Directions ->
The answer consists solely of the listing's lines from the first through the line containing "using card n3 by auto", each reproduced exactly.

##### Given data

lemma one_step_up_move_Min:
  assumes n3: "3 \<le> length ys" and \<Phi>: "\<Phi> \<in> Mon1 xs ys i"
    and p: "p < length xs" and below: "\<forall>b \<in> incr_pos xs ys \<Phi>. b < p"
    and orient_p: "orient_leq (ys ! (i mod length ys)) (xs ! p)"
  defines "P \<equiv> incr_pos xs ys \<Phi>"
  shows "one_step_up xs ys \<Phi> (count_map (length ys) (Suc i) (insert p (P - {Min P})))
    {v. v < length xs \<and> (p < v \<or> v \<le> Min P)} (i mod length ys)"
proof -
  let ?n = "length ys" and ?B = "insert p (P - {Min P})"
  have pat: "mono_pattern xs ys i P"
    unfolding P_def using n3 \<Phi> by (rule mono_pattern_incr_pos)
  have fin: "finite P" and card: "card P = ?n" and below': "\<forall>b \<in> P. b < p"
    using pat below by (auto simp: mono_pattern_def P_def intro: finite_subset)
  have ne: "P \<noteq> {}"
    using card n3 by auto
  have q: "Min P < p" "\<forall>b \<in> P. Min P \<le> b"
    using fin ne below' by simp_all
  have patB: "mono_pattern xs ys (Suc i) ?B"
    using pat n3 p below' orient_p by (rule mono_pattern_move_Min)
  have finB: "finite ?B" and cardB: "card ?B = ?n"
    using fin patB by (simp_all add: mono_pattern_def)
  have \<Phi>_eq: "\<Phi> v = count_map ?n i P v" if "v < length xs" for v
    using Mon1_eq_count_map[OF \<Phi> n3 that] by (simp add: P_def)
  show ?thesis
  proof
    show "mono_wind1 xs ys \<Phi>" "mono_wind1 xs ys (count_map ?n (Suc i) ?B)"
      using \<Phi> count_map_in_Mon1[OF n3 patB] by (simp_all add: Mon1_def)
    fix v
    assume "v \<in> {v. v < length xs \<and> (p < v \<or> v \<le> Min P)}"
    then have v: "v < length xs" "p < v \<or> v \<le> Min P"
      by auto
    have "(\<forall>b \<in> P. v \<le> b) \<or> (\<forall>b \<in> P. b < v)"
      using v(2) q below' by auto
    then show "\<Phi> v = i mod ?n"
      using \<Phi>_eq[OF v(1)] count_map_eq_mod_if_beyond[OF fin card] by simp
    have "(\<forall>b \<in> ?B. v \<le> b) \<or> (\<forall>b \<in> ?B. b < v)"
      using v(2) q below' by auto
    then show "count_map ?n (Suc i) ?B v = Suc (i mod ?n) mod ?n"
      using count_map_eq_mod_if_beyond[OF finB cardB] by (simp add: mod_Suc_eq)
  next
    fix v
    assume "v < length xs" "v \<notin> {v. v < length xs \<and> (p < v \<or> v \<le> Min P)}"
    then show "count_map ?n (Suc i) ?B v = \<Phi> v"
      using \<Phi>_eq count_map_move_Min[OF fin ne below'] by simp
  qed (rule n3)
qed

lemma mono_up_edge_exists:
  assumes n3: "3 \<le> length ys" and \<Phi>: "\<Phi> \<in> Mon1 xs ys i"
    and p: "p < length xs" and below: "\<forall>b \<in> incr_pos xs ys \<Phi>. b < p"
    and orient_p: "orient_leq (ys ! (i mod length ys)) (xs ! p)"
  shows "\<exists>\<phi>' \<in> Mon1 xs ys (i + 1). mono_up_edge xs ys \<Phi> \<phi>'"
proof -
  let ?m = "length xs" and ?P = "incr_pos xs ys \<Phi>"
  let ?\<phi>' = "count_map (length ys) (Suc i) (insert p (?P - {Min ?P}))"
  have pat: "mono_pattern xs ys i ?P"
    using n3 \<Phi> by (rule mono_pattern_incr_pos)
  then have "?P \<noteq> {}"
    using n3 by (auto simp: mono_pattern_def)
  then have "Min ?P < p"
    using below by simp
  have "?\<phi>' \<in> Mon1 xs ys (Suc i)"
    using n3 mono_pattern_move_Min[OF pat n3 p below orient_p] by (rule count_map_in_Mon1)
  moreover have "mono_up_edge xs ys \<Phi> ?\<phi>'"
  proof (rule one_step_up.mono_up_edgeI)
    show "one_step_up xs ys \<Phi> ?\<phi>' {v. v < ?m \<and> (p < v \<or> v \<le> Min ?P)} (i mod length ys)"
      using n3 \<Phi> p below orient_p by (rule one_step_up_move_Min)
    show "{v. v < ?m \<and> (p < v \<or> v \<le> Min ?P)} = {(Suc p mod ?m + t) mod ?m | t. t < ?m - p + Min ?P}"
      using cyclic_interval_eq[OF \<open>Min ?P < p\<close> p] by simp
  qed (use p \<open>Min ?P < p\<close> in \<open>auto intro!: mod_less_divisor\<close>)
  ultimately show ?thesis
    by auto
qed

##########

Exercise result ->
lemma one_step_up_move_Min:
  assumes n3: "3 \<le> length ys" and \<Phi>: "\<Phi> \<in> Mon1 xs ys i"
    and p: "p < length xs" and below: "\<forall>b \<in> incr_pos xs ys \<Phi>. b < p"
    and orient_p: "orient_leq (ys ! (i mod length ys)) (xs ! p)"
  defines "P \<equiv> incr_pos xs ys \<Phi>"
  shows "one_step_up xs ys \<Phi> (count_map (length ys) (Suc i) (insert p (P - {Min P})))
    {v. v < length xs \<and> (p < v \<or> v \<le> Min P)} (i mod length ys)"
proof -
  let ?n = "length ys" and ?B = "insert p (P - {Min P})"
  have pat: "mono_pattern xs ys i P"
    unfolding P_def using n3 \<Phi> by (rule mono_pattern_incr_pos)
  have fin: "finite P" and card: "card P = ?n" and below': "\<forall>b \<in> P. b < p"
    using pat below by (auto simp: mono_pattern_def P_def intro: finite_subset)
  have ne: "P \<noteq> {}"
    using card n3 by auto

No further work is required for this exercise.